Amid all the discussion of psychological trauma and suicide, it is worth stepping back and drawing another conclusion. Given the horrific things that occur during these conflicts, the striking thing is the resilience of those involved, not their vulnerability. While Harnden is right to have sympathy with those who have lost a loved one to suicide and who are struggling to understand why it has happened, the portrayal of servicemen as uniquely vulnerable – due to the horrors of war – may actually serve to undermine the toughness that allows the vast majority of soldiers to cope with nightmarish situations and get on with their lives, in and out of the army.

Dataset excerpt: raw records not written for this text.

(* Let $0=x_1<x_2<\dots<x_{K+1}=L$, and for each element $e^k=[x_k,x_{k+1}]$ let $\rho,\mu$ be smooth positive functions on $e^k$ (possibly discontinuous across element interfaces), $Z_s=\sqrt{\rho\mu}$. Let $v,\sigma$ be functions that are smooth on each $e^k\times[0,\infty)$, possibly two-valued at interior nodes; denote by a superscript $k$ and arguments $x_k^+$, $x_{k+1}^-$ the one-sided traces taken from element $e^k$. Fix $r_0,r_L\in[-1,1]$ and, for each interior node $x_k$ ($2\le k\le K$), a frictional strength $\alpha_k\in[0,\infty]$. Define boundary/interface data ("hat-variables") as follows. (i) At $x_1=0$: $p_0=\frac12(Z_s(x_1^+)v(x_1^+)+\sigma(x_1^+))$, $\widehat v(x_1^+)=\frac{1+r_0}{Z_s(x_1^+)}p_0$, $\widehat\sigma(x_1^+)=(1-r_0)p_0$. (ii) At $x_{K+1}=L$: $q_L=\frac12(Z_s(x_{K+1}^-)v(x_{K+1}^-)-\sigma(x_{K+1}^-))$, $\widehat v(x_{K+1}^-)=\frac{1+r_L}{Z_s(x_{K+1}^-)}q_L$, $\widehat\sigma(x_{K+1}^-)=-(1-r_L)q_L$. (iii) At an interior node $x_k$: with $Z^-=Z_s(x_k^-)$, $Z^+=Z_s(x_k^+)$, $q^-=\frac12(Z^-v(x_k^-)-\sigma(x_k^-))$, $p^+=\frac12(Z^+v(x_k^+)+\sigma(x_k^+))$, $\eta_k=\frac{Z^-Z^+}{Z^-+Z^+}$, $\Phi_k=\eta_k(\frac{2}{Z^+}p^+-\frac{2}{Z^-}q^-)$, set $\widehat\sigma_k=\frac{\alpha_k}{\eta_k+\alpha_k}\Phi_k$ (and $\widehat\sigma_k=\Phi_k$ if $\alpha_k=\infty$), $\widehat\sigma(x_k^\pm)=\widehat\sigma_k$, $\widehat v(x_k^-)=\frac{2q^-+\widehat\sigma_k}{Z^-}$, $\widehat v(x_k^+)=\frac{2p^+-\widehat\sigma_k}{Z^+}$. Define the flux fluctuations $$F(x_k,t)=\tfrac{Z_s(x_k^+)}{2}\big(v(x_k^+)-\widehat v(x_k^+)\big)-\tfrac12\big(\sigma(x_k^+)-\widehat\sigma(x_k^+)\big),$$ $$G(x_{k+1},t)=\tfrac{Z_s(x_{k+1}^-)}{2}\big(v(x_{k+1}^-)-\widehat v(x_{k+1}^-)\big)+\tfrac12\big(\sigma(x_{k+1}^-)-\widehat\sigma(x_{k+1}^-)\big).$$ Suppose that for all test functions $\phi_v,\phi_\sigma$ which are smooth on each element, $$\sum_{k=1}^K\Big(\int_{x_k}^{x_{k+1}}\big(\rho\phi_v\partial_tv-\phi_v\partial_x\sigma\big)dx+\phi_v(x_k^+)F(x_k,t)+\phi_v(x_{k+1}^-)G(x_{k+1},t)\Big)=0,$$ $$\sum_{k=1}^K\Big(\int_{x_k}^{x_{k+1}}\big(\tfrac1\mu\phi_\sigma\partial_t\sigma-\phi_\sigma\partial_xv\big)dx-\frac{\phi_\sigma(x_k^+)}{Z_s(x_k^+)}F(x_k,t)+\frac{\phi_\sigma(x_{k+1}^-)}{Z_s(x_{k+1}^-)}G(x_{k+1},t)\Big)=0.$$ Then, with $E(t)=\sum_{k=1}^K\frac12\int_{x_k}^{x_{k+1}}\big(\rho v^2+\frac1\mu\sigma^2\big)dx$, $$\frac{dE}{dt}=-\sum_{k=1}^K\Big(\frac{|F(x_k,t)|^2}{Z_s(x_k^+)}+\frac{|G(x_{k+1},t)|^2}{Z_s(x_{k+1}^-)}\Big)-\sum_{k=2}^K\frac{\alpha_k}{(\eta_k+\alpha_k)^2}\Phi_k^2-\frac{1-r_0^2}{Z_s(x_1^+)}p_0^2-\frac{1-r_L^2}{Z_s(x_{K+1}^-)}q_L^2,$$ where the term $\frac{\alpha_k}{(\eta_k+\alpha_k)^2}\Phi_k^2$ is interpreted as $0$ when $\alpha_k=\infty$. In particular $\frac{dE}{dt}\le0$.
   Context: This concerns the 1D elastic wave equation $\rho\partial_tv=\partial_x\sigma$, $\frac1\mu\partial_t\sigma=\partial_xv$ on $[0,L]$ written in a penalized weak form on a partition into elements. $Z_s=\sqrt{\rho\mu}$ is the shear impedance. The interior nodes carry frictional interface conditions (force balance and $\widehat\sigma=\alpha_k[\![\widehat v]\!]$), $\alpha_k=\infty$ meaning a locked (non-slipping) interface; the external boundaries carry the conditions $\frac{Z_s}{2}(1-r)v\mp\frac{1+r}{2}\sigma=0$ with reflection coefficients $r_0,r_L$. *)

theory Defs
  imports "HOL-Analysis.Analysis" "HOL-Library.Extended_Real"
begin
lemma truncated_energy_estimate:
  fixes W :: "real^'n^'n \<Rightarrow> ereal" and r :: "real \<Rightarrow> ereal"
    and Bf :: "real^'n^'n \<Rightarrow> real^'n^'n \<Rightarrow> real" and \<Phi> \<Psi> :: "'a \<Rightarrow> real^'n^'n"
  assumes W_nonneg: "\<And>F. 0 \<le> W F"
    and r_mono: "mono_on {0..} r"
    and W_Q: "\<And>G. \<bar>W (mat 1 + G) - ereal (Bf G G)\<bar> \<le> ereal ((norm G)^2) * r (norm G)"
    and bil: "bilinear Bf" and K: "\<And>u v. \<bar>Bf u v\<bar> \<le> K * norm u * norm v" and K_nonneg: "0 \<le> K"
    and \<Omega>: "\<Omega> \<in> sets M"
    and \<Phi>_meas: "set_borel_measurable M \<Omega> \<Phi>" and \<Psi>_meas: "set_borel_measurable M \<Omega> \<Psi>"
    and \<Phi>_L2: "set_integrable M \<Omega> (\<lambda>x. (norm (\<Phi> x))^2)"
    and \<Psi>_L2: "set_integrable M \<Omega> (\<lambda>x. (norm (\<Psi> x))^2)"
    and L2_bound: "(\<integral>x\<in>\<Omega>. (norm (\<Phi> x))^2 + (norm (\<Psi> x))^2 \<partial>M) \<le> C"
    and h: "0 < h" and d: "0 \<le> d" "d \<le> 1/4"
    and \<rho>: "r (3 * sqrt d) \<le> ereal \<rho>" and \<rho>_nonneg: "0 \<le> \<rho>"
  defines "T \<equiv> {x\<in>\<Omega>. h^2 * ((norm (\<Phi> x))^2 + (norm (\<Psi> x))^2) < d}"
  shows "\<bar>ereal (1 / h^2) * enn2ereal (\<integral>\<^sup>+x. e2ennreal (W ((mat 1 + h *\<^sub>R \<Phi> x) **
              matrix_inv (mat 1 + h *\<^sub>R \<Psi> x))) * indicator T x \<partial>M)
           - ereal (\<integral>x\<in>T. Bf (\<Phi> x - \<Psi> x) (\<Phi> x - \<Psi> x) \<partial>M)\<bar>
         \<le> ereal (12 * (\<rho> + K * sqrt d) * C)"
proof -
  define s where "s x = (norm (\<Phi> x))^2 + (norm (\<Psi> x))^2" for x
  define q where "q x = Bf (\<Phi> x - \<Psi> x) (\<Phi> x - \<Psi> x)" for x
  define E where "E = 12 * (\<rho> + K * sqrt d)"
  have s_int: "set_integrable M \<Omega> s"
    unfolding s_def[abs_def] using \<Phi>_L2 \<Psi>_L2 by (rule set_integral_add(1))
  have T: "T \<in> sets M" "T \<subseteq> \<Omega>"
    using sublevel_set_in_sets[OF set_integrable_mult_right[OF s_int, of "h^2"] \<Omega>, of d]
    by (auto simp: T_def s_def)
  have approx: "\<bar>W ((mat 1 + h *\<^sub>R \<Phi> x) ** matrix_inv (mat 1 + h *\<^sub>R \<Psi> x)) - ereal (h^2 * q x)\<bar>
      \<le> ereal (h^2 * (E * s x))" if "x \<in> T" for x
  proof -
    have small: "(norm (h *\<^sub>R \<Phi> x))^2 + (norm (h *\<^sub>R \<Psi> x))^2 = h^2 * s x"
      using h by (simp add: s_def power_mult_distrib algebra_simps)
    have quadratic: "Bf (h *\<^sub>R \<Phi> x - h *\<^sub>R \<Psi> x) (h *\<^sub>R \<Phi> x - h *\<^sub>R \<Psi> x) = h^2 * q x"
      by (simp add: q_def bilinear_lmul[OF bil] bilinear_rmul[OF bil] power2_eq_square
          flip: scaleR_diff_right)
    have "h^2 * s x \<le> d"
      using that by (simp add: T_def s_def)
    from stored_energy_linearisation[OF W_nonneg r_mono W_Q bil K K_nonneg this[folded small] d(2) \<rho> \<rho>_nonneg]
    show ?thesis
      unfolding small quadratic by (simp add: E_def mult_ac)
  qed
  have "set_integrable M T (\<lambda>x. h^2 * q x)" "set_integrable M T (\<lambda>x. h^2 * (E * s x))"
    using set_integrable_bilinear_diag_diff[OF bil K K_nonneg \<Omega> \<Phi>_meas \<Psi>_meas \<Phi>_L2 \<Psi>_L2]
      set_integrable_subset[OF s_int T]
    by (simp_all add: set_integrable_subset[OF _ T] q_def[abs_def])
  from nn_integral_approx_set_integral[OF this W_nonneg approx]
  have "\<bar>enn2ereal (\<integral>\<^sup>+x. e2ennreal (W ((mat 1 + h *\<^sub>R \<Phi> x) ** matrix_inv (mat 1 + h *\<^sub>R \<Psi> x)))
            * indicator T x \<partial>M) - ereal (h^2 * (\<integral>x\<in>T. q x \<partial>M))\<bar>
        \<le> ereal (h^2 * (E * (\<integral>x\<in>T. s x \<partial>M)))"
    by simp
  also have "\<dots> \<le> ereal (h^2 * (E * C))"
  proof -
    have "(\<integral>x\<in>T. s x \<partial>M) \<le> (\<integral>x\<in>\<Omega>. s x \<partial>M)"
      using set_integrable_subset[OF s_int T] s_int T(2)
      unfolding set_integrable_def set_lebesgue_integral_def
      by (intro integral_mono) (auto simp: s_def indicator_def)
    with L2_bound \<rho>_nonneg K_nonneg d show ?thesis
      by (simp add: E_def s_def mult_left_mono)
  qed
  finally show ?thesis
    using abs_ereal_scale_diff_le[of "h^2"] h by (simp add: q_def E_def)
qed
(* Let Assumptions (A1) and (A3) below hold. If $\Pi^\star_\mathbb{X}$ can be reached from $x\in\mathbb{X}$ within $M$ steps, i.e. there exist $\bar u\in\mathbb{U}^M(x)$ and $l\in\{0,\dots,p^\star-1\}$ with $x_{\bar u}(M,x)=\Pi^\star_\mathbb{X}(l)$, then for all $N\in\mathbb{N}$ $$V_N^\beta(x)-\tfrac{N+1}{2}\ell^\star+\lambda(x)+\bar\lambda\le C(M),\qquad C(M)=M(\ell_{\max}-\ell^\star)+2\bar\lambda+\ell^\star p^\star .$$
   Context: System $x(k+1)=f(x(k),u(k))$ with constraint sets $\mathbb{X}\subset\mathbb{R}^n$, $\mathbb{U}\subset\mathbb{R}^m$ and stage cost $\ell:\mathbb{X}\times\mathbb{U}\to\mathbb{R}$, which is assumed non-negative. For $u\in\mathbb{U}^T$, $x_u(0,x)=x$, $x_u(k+1,x)=f(x_u(k,x),u(k))$; $\mathbb{U}^T(x)$ is the set of $u\in\mathbb{U}^T$ with $x_u(k,x)\in\mathbb{X}$ for $k=0,\dots,T$. $[k]_p$ is $k$ mod $p$. A feasible $p$-periodic orbit is $\Pi\in(\mathbb{X}\times\mathbb{U})^p$ with $\Pi_\mathbb{X}([k+1]_p)=f(\Pi(k))$; $\|(x,u)\|_\Pi:=\min_k\|(x,u)-\Pi(k)\|$; $\ell^\star:=\inf$ over all feasible periodic orbits of $\frac1p\sum_{k=0}^{p-1}\ell(\Pi(k))$; $\Pi^\star$ is a fixed feasible $p^\star$-periodic orbit attaining $\ell^\star$. $\ell_{\max}:=\sup_{\mathbb{X}\times\mathbb{U}}\ell$. (A1) $f,\ell$ continuous, $\mathbb{X},\mathbb{U}$ compact. (A3) There are $\lambda:\mathbb{X}\to\mathbb{R}$, $\bar\lambda$ with $|\lambda|\le\bar\lambda$ on $\mathbb{X}$, and $\underline\alpha_{\tilde\ell}\in\mathcal K_\infty$ with $\ell(x,u)-\ell^\star+\lambda(x)-\lambda(f(x,u))\ge\underline\alpha_{\tilde\ell}(\|(x,u)\|_{\Pi^\star})$ for all $x\in\mathbb{X}$, $u\in\mathbb{U}^1(x)$. $\beta_N(k)=\frac{N-k}{N}$, $J_N^\beta(x,u)=\sum_{k=0}^{N-1}\beta_N(k)\ell(x_u(k,x),u(k))$, $V_N^\beta(x)=\inf_{u\in\mathbb{U}^N(x)}J_N^\beta(x,u)$. *)

theory Defs
  imports "HOL-Analysis.Analysis"
begin

fun traj :: "('x \<Rightarrow> 'u \<Rightarrow> 'x) \<Rightarrow> (nat \<Rightarrow> 'u) \<Rightarrow> nat \<Rightarrow> 'x \<Rightarrow> 'x" where
  "traj f u 0 x = x"
| "traj f u (Suc k) x = f (traj f u k x) (u k)"

text \<open>Admissible input sequences U^T(x) (only the first T entries matter).\<close>
definition adm :: "('x \<Rightarrow> 'u \<Rightarrow> 'x) \<Rightarrow> 'x set \<Rightarrow> 'u set \<Rightarrow> nat \<Rightarrow> 'x \<Rightarrow> (nat \<Rightarrow> 'u) set" where
  "adm f X U T x = {u. (\<forall>k<T. u k \<in> U) \<and> (\<forall>k\<le>T. traj f u k x \<in> X)}"

definition feasible_orbit ::
  "('x \<Rightarrow> 'u \<Rightarrow> 'x) \<Rightarrow> 'x set \<Rightarrow> 'u set \<Rightarrow> nat \<Rightarrow> (nat \<Rightarrow> 'x \<times> 'u) \<Rightarrow> bool" where
  "feasible_orbit f X U p P \<longleftrightarrow> p \<ge> 1 \<and> (\<forall>k<p. P k \<in> X \<times> U) \<and>
     (\<forall>k<p. fst (P ((k + 1) mod p)) = f (fst (P k)) (snd (P k)))"

definition avg_cost :: "('x \<Rightarrow> 'u \<Rightarrow> real) \<Rightarrow> nat \<Rightarrow> (nat \<Rightarrow> 'x \<times> 'u) \<Rightarrow> real" where
  "avg_cost ell p P = (1 / real p) * (\<Sum>k<p. ell (fst (P k)) (snd (P k)))"

definition ell_star ::
  "('x \<Rightarrow> 'u \<Rightarrow> 'x) \<Rightarrow> 'x set \<Rightarrow> 'u set \<Rightarrow> ('x \<Rightarrow> 'u \<Rightarrow> real) \<Rightarrow> real" where
  "ell_star f X U ell = Inf {avg_cost ell p P | p P. feasible_orbit f X U p P}"

definition orbit_dist :: "nat \<Rightarrow> (nat \<Rightarrow> 'x::real_normed_vector \<times> 'u::real_normed_vector) \<Rightarrow> 'x \<Rightarrow> 'u \<Rightarrow> real"
  where "orbit_dist p P x u = Min ((\<lambda>k. norm ((x, u) - P k)) ` {..<p})"

definition ell_max :: "'x set \<Rightarrow> 'u set \<Rightarrow> ('x \<Rightarrow> 'u \<Rightarrow> real) \<Rightarrow> real" where
  "ell_max X U ell = (SUP z\<in>X \<times> U. ell (fst z) (snd z))"

definition class_Kinf :: "(real \<Rightarrow> real) \<Rightarrow> bool" where
  "class_Kinf \<alpha> \<longleftrightarrow> \<alpha> 0 = 0 \<and> continuous_on {0..} \<alpha> \<and> strict_mono_on {0..} \<alpha> \<and>
     filterlim \<alpha> at_top at_top"

definition J_beta :: "('x \<Rightarrow> 'u \<Rightarrow> 'x) \<Rightarrow> ('x \<Rightarrow> 'u \<Rightarrow> real) \<Rightarrow> nat \<Rightarrow> 'x \<Rightarrow> (nat \<Rightarrow> 'u) \<Rightarrow> real" where
  "J_beta f ell N x u = (\<Sum>k<N. ((real N - real k) / real N) * ell (traj f u k x) (u k))"

definition V_beta :: "('x \<Rightarrow> 'u \<Rightarrow> 'x) \<Rightarrow> 'x set \<Rightarrow> 'u set \<Rightarrow> ('x \<Rightarrow> 'u \<Rightarrow> real) \<Rightarrow> nat \<Rightarrow> 'x \<Rightarrow> real" where
  "V_beta f X U ell N x = (INF u\<in>adm f X U N x. J_beta f ell N x u)"

end

(* Steer x onto the optimal orbit within M steps and follow the orbit afterwards. Relative to
   ell^star, each of the first M stages costs at most ell_max - ell^star. Along the orbit the
   excess costs ell - ell^star form a p^star-periodic sequence of mean zero bounded below by
   -ell^star, so all its partial sums are at most p^star ell^star, and summation by parts gives
   the same bound for the beta_N-weighted sum. As sum_k beta_N(k) = (N+1)/2, this bounds
   V_N^beta(x) - (N+1)/2 ell^star; finally lambda(x) + lambdabar <= 2 lambdabar. *)

theory Submission
  imports Defs
begin

lemma sum_lessThan_add_split:
  fixes g :: "nat \<Rightarrow> 'a::comm_monoid_add"
  shows "(\<Sum>k<m + n. g k) = (\<Sum>k<m. g k) + (\<Sum>j<n. g (m + j))"
  by (induction n) (simp_all add: add.assoc)

lemma sum_lessThan_reversed_of_nat:
  "(\<Sum>k<N. real N - real k) = real N * (real N + 1) / 2"
proof (induction N)
  case (Suc N)
  have "(\<Sum>k<Suc N. real (Suc N) - real k) = (\<Sum>k<Suc N. (real N - real k) + 1)"
    by (intro sum.cong) auto
  also have "\<dots> = (\<Sum>k<N. real N - real k) + real (Suc N)"
    by (simp add: sum.distrib)
  finally show ?case
    using Suc by (simp add: field_simps)
qed simp

lemma periodic_sum_shift:
  fixes d :: "nat \<Rightarrow> 'a::ab_group_add"
  assumes periodic: "\<And>j. d (j + p) = d j"
  shows "(\<Sum>j<p. d (a + j)) = (\<Sum>j<p. d j)"
proof (induction a)
  case (Suc a)
  have "d a + (\<Sum>j<p. d (Suc a + j)) = (\<Sum>j<Suc p. d (a + j))"
    by (subst sum.lessThan_Suc_shift) simp
  also have "\<dots> = (\<Sum>j<p. d (a + j)) + d a"
    using periodic[of a] by simp
  finally show ?case
    using Suc by (simp add: add.commute)
qed simp

lemma periodic_partial_sum_le:
  fixes d :: "nat \<Rightarrow> real"
  assumes periodic: "\<And>j. d (j + p) = d j" and "0 < p"
    and zero_mean: "(\<Sum>j<p. d j) = 0" and lower: "\<And>j. - L \<le> d j"
  shows "(\<Sum>j<m. d (a + j)) \<le> real p * L"
proof (induction m rule: less_induct)
  case (less m)
  have block: "(\<Sum>j<p. d (b + j)) = 0" for b
    using periodic_sum_shift[of d p, OF periodic] zero_mean by simp
  show ?case
  proof (cases "p \<le> m")
    case True
    then obtain r where m: "m = p + r"
      using le_Suc_ex by blast
    have "d (a + (p + j)) = d (a + j)" for j
      using periodic[of "a + j"] by (simp add: ac_simps)
    then have "(\<Sum>j<m. d (a + j)) = (\<Sum>j<r. d (a + j))"
      using sum_lessThan_add_split[of "\<lambda>j. d (a + j)" p r] block[of a] m by simp
    also have "\<dots> \<le> real p * L"
      using less[of r] m \<open>0 < p\<close> by simp
    finally show ?thesis .
  next
    case False
    then obtain r where p: "p = m + r"
      using le_Suc_ex nat_le_linear by blast
    have "- (real p * L) \<le> (\<Sum>j<p. d j)"
      using sum_mono[of "{..<p}" "\<lambda>_. - L" d] lower by simp
    then have "0 \<le> L"
      using zero_mean \<open>0 < p\<close> by (simp add: zero_le_mult_iff)
    have "- (real r * L) \<le> (\<Sum>j<r. d (a + (m + j)))"
      using sum_mono[of "{..<r}" "\<lambda>_. - L"] lower by simp
    moreover have "(\<Sum>j<m. d (a + j)) + (\<Sum>j<r. d (a + (m + j))) = 0"
      using sum_lessThan_add_split[of "\<lambda>j. d (a + j)" m r] block[of a] p by simp
    moreover have "real r * L \<le> real p * L"
      using p \<open>0 \<le> L\<close> by (simp add: mult_right_mono)
    ultimately show ?thesis
      by linarith
  qed
qed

In that respect, this contemporary discussion of service personnel mirrors a wider mood, which suggests that people are unable to cope in the face of adversity, whatever form it takes, whether it is childhood trauma, unemployment or bullying. The notion that we are vulnerable beings unable to cope with, or control, our circumstances is a corrosive idea that should be challenged, however and wherever it appears.

Rob Lyons is commissioning editor at spiked.